Obtain the average value of the function, \(f(\theta ) = \sec \theta \tan \theta \) as follows.
The limit values are got from the interval \(\left( {0,\frac{\pi }{4}} \right)\) as \(a = 0\) and \(b = \frac{\pi }{4}\).
Substitute \(a = 0\), \(b = \frac{\pi }{4}\) and \(f(x)\)in the formula \({f_{ave}} = \frac{1}{{b - a}}\int_a^b f (x)dx\) and compute the average value of \(f(x)\) as follows.
\(\begin{aligned}{l}{f_{ave}} &= \frac{1}{{b - a}}\int_a^b f (x)dx\\ &= \frac{1}{{\left( {\frac{\pi }{4} - 0} \right)}}\int_0^{\frac{\pi }{4}} {\sec } \theta \tan \theta d\theta \\ &= \frac{4}{\pi }(\sec \theta )_0^{\frac{\pi }{4}} + C\end{aligned}\)

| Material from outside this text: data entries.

(* For every $k\ge2$, the $k$-way indicator aggregation portfolio strategy $\mathrm{IA}[k]$ is universalizable.
   Context: Market with $m\ge2$ assets and return vectors $\mathbf x_t\in(0,\infty)^m$, $t\ge0$. On each day $t$, each stock $i$ has indicators $\mathbf v_{ti}=(v_{ti1},\dots,v_{tik})\in(0,1]^k$, normalized so that for every $t$ and $j$ there is some $i$ with $v_{tij}=1$. $\mathrm{IA}[k]$ has parameter space $\mathcal W_k=\{\mathbf w\in[0,1]^k:\sum_j w_j=1\}$ and description $\mathrm{IA}_t(\mathbf w)=\Big(\frac{\mathbf w\cdot\mathbf v_{t1}}{\sum_{l=1}^m\mathbf w\cdot\mathbf v_{tl}},\dots,\frac{\mathbf w\cdot\mathbf v_{tm}}{\sum_{l=1}^m\mathbf w\cdot\mathbf v_{tl}}\Big)$. General notions: for a strategy $S$ with parameter space $\mathbb W$ and descriptions $S_t(\mathbf w)\in\mathcal W_m$, $\mathcal R_n(S(\mathbf w))=\prod_{t=0}^{n-1}S_t(\mathbf w)\cdot\mathbf x_t$ ($\mathcal R_0\equiv1$), $\mathcal L_n=\frac1n\log\mathcal R_n$, similarly for parameter-free strategies. $\mu$ is the uniform probability measure on $\mathbb W$ and $\mathcal U(S)$ has $\mathcal U_t(S)=\int_{\mathbb W}S_t\mathcal R_t\,d\mu/\int_{\mathbb W}\mathcal R_t\,d\mu$. $U$ is a universalization of $S$ if there is $\eta_n\to0$, independent of market data, with $\mathcal L_n(U)\ge\sup_{\mathbf w}\mathcal L_n(S(\mathbf w))-\eta_n$ for all $n$ and all market data. The $\varepsilon$-modification is $\bar S_t(\mathbf w)=(1-\frac{\varepsilon}{2(t+1)^2})S_t(\mathbf w)+\frac{\varepsilon}{2m(t+1)^2}(1,\dots,1)$; $S$ is universalizable if for every $\varepsilon\in(0,1)$, $\mathcal U(\bar S)$ is a universalization of $S$. *)

theory Defs
  imports "HOL-Analysis.Analysis"
begin

text \<open>Assets are indexed by 0..<m, indicators by 0..<k, days by t :: nat.
  Vectors are functions nat => real; only the indicated indices matter.
  A (parametrised) strategy depends on market data d :: 'd and is a function
  S d t w i = i-th weight of the portfolio on day t for parameter w.\<close>

definition dotm :: "nat \<Rightarrow> (nat \<Rightarrow> real) \<Rightarrow> (nat \<Rightarrow> real) \<Rightarrow> real" where
  "dotm m b x = (\<Sum>i<m. b i * x i)"

definition wealth :: "nat \<Rightarrow> (nat \<Rightarrow> nat \<Rightarrow> real) \<Rightarrow> (nat \<Rightarrow> nat \<Rightarrow> real) \<Rightarrow> nat \<Rightarrow> real" where
  "wealth m x P n = (\<Prod>t<n. dotm m (P t) (x t))"

definition growth :: "nat \<Rightarrow> (nat \<Rightarrow> nat \<Rightarrow> real) \<Rightarrow> (nat \<Rightarrow> nat \<Rightarrow> real) \<Rightarrow> nat \<Rightarrow> real" where
  "growth m x P n = ln (wealth m x P n) / real n"

definition univ_port ::
  "'w measure \<Rightarrow> nat \<Rightarrow> ('d \<Rightarrow> nat \<Rightarrow> nat \<Rightarrow> real) \<Rightarrow>
   ('d \<Rightarrow> nat \<Rightarrow> 'w \<Rightarrow> nat \<Rightarrow> real) \<Rightarrow> 'd \<Rightarrow> nat \<Rightarrow> nat \<Rightarrow> real" where
  "univ_port \<mu> m xs S d t i =
     (\<integral>w. S d t w i * wealth m (xs d) (\<lambda>s. S d s w) t \<partial>\<mu>) /
     (\<integral>w. wealth m (xs d) (\<lambda>s. S d s w) t \<partial>\<mu>)"

definition is_universalization ::
  "'d set \<Rightarrow> nat \<Rightarrow> ('d \<Rightarrow> nat \<Rightarrow> nat \<Rightarrow> real) \<Rightarrow> 'w set \<Rightarrow>
   ('d \<Rightarrow> nat \<Rightarrow> nat \<Rightarrow> real) \<Rightarrow> ('d \<Rightarrow> nat \<Rightarrow> 'w \<Rightarrow> nat \<Rightarrow> real) \<Rightarrow> bool" where
  "is_universalization Data m xs W U S \<longleftrightarrow>
     (\<exists>\<eta>::nat \<Rightarrow> real. \<eta> \<longlonglongrightarrow> 0 \<and>
        (\<forall>d\<in>Data. \<forall>n\<ge>1.
           growth m (xs d) (U d) n \<ge> (SUP w\<in>W. growth m (xs d) (\<lambda>t. S d t w) n) - \<eta> n))"

definition eps_mod ::
  "nat \<Rightarrow> real \<Rightarrow> ('d \<Rightarrow> nat \<Rightarrow> 'w \<Rightarrow> nat \<Rightarrow> real) \<Rightarrow> 'd \<Rightarrow> nat \<Rightarrow> 'w \<Rightarrow> nat \<Rightarrow> real" where
  "eps_mod m \<epsilon> S d t w i =
     (1 - \<epsilon> / (2 * (real t + 1)^2)) * S d t w i + \<epsilon> / (2 * real m * (real t + 1)^2)"

definition universalizable ::
  "'d set \<Rightarrow> nat \<Rightarrow> ('d \<Rightarrow> nat \<Rightarrow> nat \<Rightarrow> real) \<Rightarrow> 'w set \<Rightarrow> 'w measure \<Rightarrow>
   ('d \<Rightarrow> nat \<Rightarrow> 'w \<Rightarrow> nat \<Rightarrow> real) \<Rightarrow> bool" where
  "universalizable Data m xs W \<mu> S \<longleftrightarrow>
     (\<forall>\<epsilon>. 0 < \<epsilon> \<and> \<epsilon> < 1 \<longrightarrow>
        is_universalization Data m xs W (univ_port \<mu> m xs (eps_mod m \<epsilon> S)) S)"

definition param_simplex :: "nat \<Rightarrow> (nat \<Rightarrow> real) set" where
  "param_simplex k = {w. (\<forall>j<k. 0 \<le> w j \<and> w j \<le> 1) \<and> (\<forall>j\<ge>k. w j = 0) \<and> (\<Sum>j<k. w j) = 1}"

text \<open>Uniform probability measure on W_k: the normalised Lebesgue measure on the
  projected simplex {u in R^(k-1). u >= 0, sum u <= 1}, pushed forward by the affine
  bijection onto W_k (which has constant Jacobian, hence preserves uniformity).\<close>
definition simplex_base :: "nat \<Rightarrow> (nat \<Rightarrow> real) set" where
  "simplex_base k = {u \<in> space (PiM {..<k-1} (\<lambda>_. lborel)).
      (\<forall>i<k-1. 0 \<le> u i) \<and> (\<Sum>i<k-1. u i) \<le> 1}"

definition simplex_embed :: "nat \<Rightarrow> (nat \<Rightarrow> real) \<Rightarrow> nat \<Rightarrow> real" where
  "simplex_embed k u = (\<lambda>j. if j < k - 1 then u j else if j = k - 1 then 1 - (\<Sum>i<k-1. u i) else 0)"

definition unif_simplex :: "nat \<Rightarrow> (nat \<Rightarrow> real) measure" where
  "unif_simplex k = distr (uniform_measure (PiM {..<k-1} (\<lambda>_. lborel)) (simplex_base k))
                          (PiM UNIV (\<lambda>_. borel)) (simplex_embed k)"

definition IA_data :: "nat \<Rightarrow> nat \<Rightarrow> ((nat \<Rightarrow> nat \<Rightarrow> real) \<times> (nat \<Rightarrow> nat \<Rightarrow> nat \<Rightarrow> real)) set" where
  "IA_data m k = {(x, v).
      (\<forall>t i. i < m \<longrightarrow> 0 < x t i) \<and>
      (\<forall>t i j. i < m \<longrightarrow> j < k \<longrightarrow> 0 < v t i j \<and> v t i j \<le> 1) \<and>
      (\<forall>t j. j < k \<longrightarrow> (\<exists>i<m. v t i j = 1))}"

definition IA :: "nat \<Rightarrow> nat \<Rightarrow> (nat \<Rightarrow> nat \<Rightarrow> nat \<Rightarrow> real) \<Rightarrow> nat \<Rightarrow> (nat \<Rightarrow> real) \<Rightarrow> nat \<Rightarrow> real" where
  "IA k m v t w i = (\<Sum>j<k. w j * v t i j) / (\<Sum>l<m. \<Sum>j<k. w j * v t l j)"

end

theory Submission
  imports Defs "HOL-Probability.Probability_Measure" "HOL-Real_Asymp.Real_Asymp"
begin

text \<open>The universal portfolio of the modified strategy telescopes: its wealth after n days is the
  average over W_k of the wealths of the modified strategies. The modification costs at most a factor
  1/(n+1) over n days. If w dominates \<theta> w0 componentwise with \<theta> = n/(n+1), then IA(w) gives every
  asset at least n/(n+m) times the weight IA(w0) gives it, because every column sum of the indicators
  lies in [1, m]. So on the shrunken simplex \<theta> w0 + (1 - \<theta>) W_k the wealth is at least
  (n/(n+m))^n/(n+1) times that of IA(w0), and this set has uniform measure at least
  ((n+1)(k-1))^-(k-1). Taking logarithms, the regret is O(k log n / n).\<close>

section \<open>The uniform measure on the simplex\<close>

abbreviation lborel_base :: "nat \<Rightarrow> (nat \<Rightarrow> real) measure" where
  "lborel_base k \<equiv> PiM {..<k-1} (\<lambda>_. lborel)"

abbreviation unif_base :: "nat \<Rightarrow> (nat \<Rightarrow> real) measure" where
  "unif_base k \<equiv> uniform_measure (lborel_base k) (simplex_base k)"

abbreviation borel_params :: "(nat \<Rightarrow> real) measure" where
  "borel_params \<equiv> PiM UNIV (\<lambda>_. borel)"

lemma sets_simplex_base [measurable]: "simplex_base k \<in> sets (lborel_base k)"
  unfolding simplex_base_def by measurable

lemma emeasure_simplex_base: "emeasure (lborel_base k) (simplex_base k) = ennreal (1 / fact (k-1))"
proof -
  have "simplex_base k = {u. (\<forall>i\<in>{..<k-1}. 0 \<le> u i) \<and> sum u {..<k-1} \<le> 1} \<inter> space (lborel_base k)"
    unfolding simplex_base_def by auto
  then show ?thesis
    using emeasure_std_simplex_aux[of "{..<k-1}" 1] by simp
qed

lemma prob_space_unif_base: "prob_space (unif_base k)"
proof
  have "simplex_base k \<inter> space (lborel_base k) = simplex_base k"
    using sets.sets_into_space[OF sets_simplex_base] by blast
  then show "emeasure (unif_base k) (space (unif_base k)) = 1"
    by (simp add: emeasure_simplex_base divide_ennreal del: One_nat_def)
qed

lemma AE_unif_base: "AE u in unif_base k. u \<in> simplex_base k"
  by (rule AE_uniform_measureI) (auto simp del: One_nat_def)

lemma measurable_simplex_embed [measurable]:
  "simplex_embed k \<in> measurable (lborel_base k) borel_params"
proof (rule measurable_PiM_single')
  fix j :: nat
  show "(\<lambda>u. simplex_embed k u j) \<in> borel_measurable (lborel_base k)"
    unfolding simplex_embed_def by (cases "j < k - 1"; cases "j = k - 1") simp_all
qed (simp add: space_PiM)

lemma measurable_simplex_embed_unif_base [measurable]:
  "simplex_embed k \<in> measurable (unif_base k) borel_params"
  using measurable_simplex_embed by (simp add: measurable_def)

lemma prob_space_unif_simplex: "prob_space (unif_simplex k)"
  unfolding unif_simplex_def
  by (intro prob_space.prob_space_distr prob_space_unif_base measurable_simplex_embed_unif_base)

lemma param_simplexD:
  assumes "w \<in> param_simplex k"
  shows "\<And>j. j < k \<Longrightarrow> 0 \<le> w j" "(\<Sum>j<k. w j) = 1"
  using assms unfolding param_simplex_def by auto

lemma vertex_in_param_simplex: "1 \<le> k \<Longrightarrow> (\<lambda>j. if j = 0 then 1 else 0) \<in> param_simplex k"
  unfolding param_simplex_def by (auto simp: sum.delta)

lemma sum_simplex_embed:
  assumes "1 \<le> k"
  shows "(\<Sum>j<k. simplex_embed k u j) = 1"
proof -
  have "(\<Sum>j<k. simplex_embed k u j) = (\<Sum>j<k-1. simplex_embed k u j) + simplex_embed k u (k-1)"
    using assms by (metis Suc_diff_1 less_le_trans sum.lessThan_Suc zero_less_one)
  also have "(\<Sum>j<k-1. simplex_embed k u j) = (\<Sum>j<k-1. u j)"
    by (rule sum.cong) (auto simp: simplex_embed_def)
  finally show ?thesis by (simp add: simplex_embed_def)
qed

Further, simplify as follows.
\(\begin{aligned}{l}{f_{{\rm{ave }}}} &= \frac{4}{\pi }\left( {\sec \frac{\pi }{4} - \sec 0} \right)_0^{\frac{\pi }{4}} + C\\ = \frac{4}{\pi }(\sqrt 2 - 1) + C\\ &= \frac{{4(\sqrt 2 - 1)}}{\pi } + C\end{aligned}\)
Thus, the average value of the function \(f(\theta ) = \sec \theta \tan \theta \) in the interval \(\left( {0,\frac{\pi }{4}} \right)\) is \(\frac{{4(\sqrt 2 - 1)}}{\pi } + C\).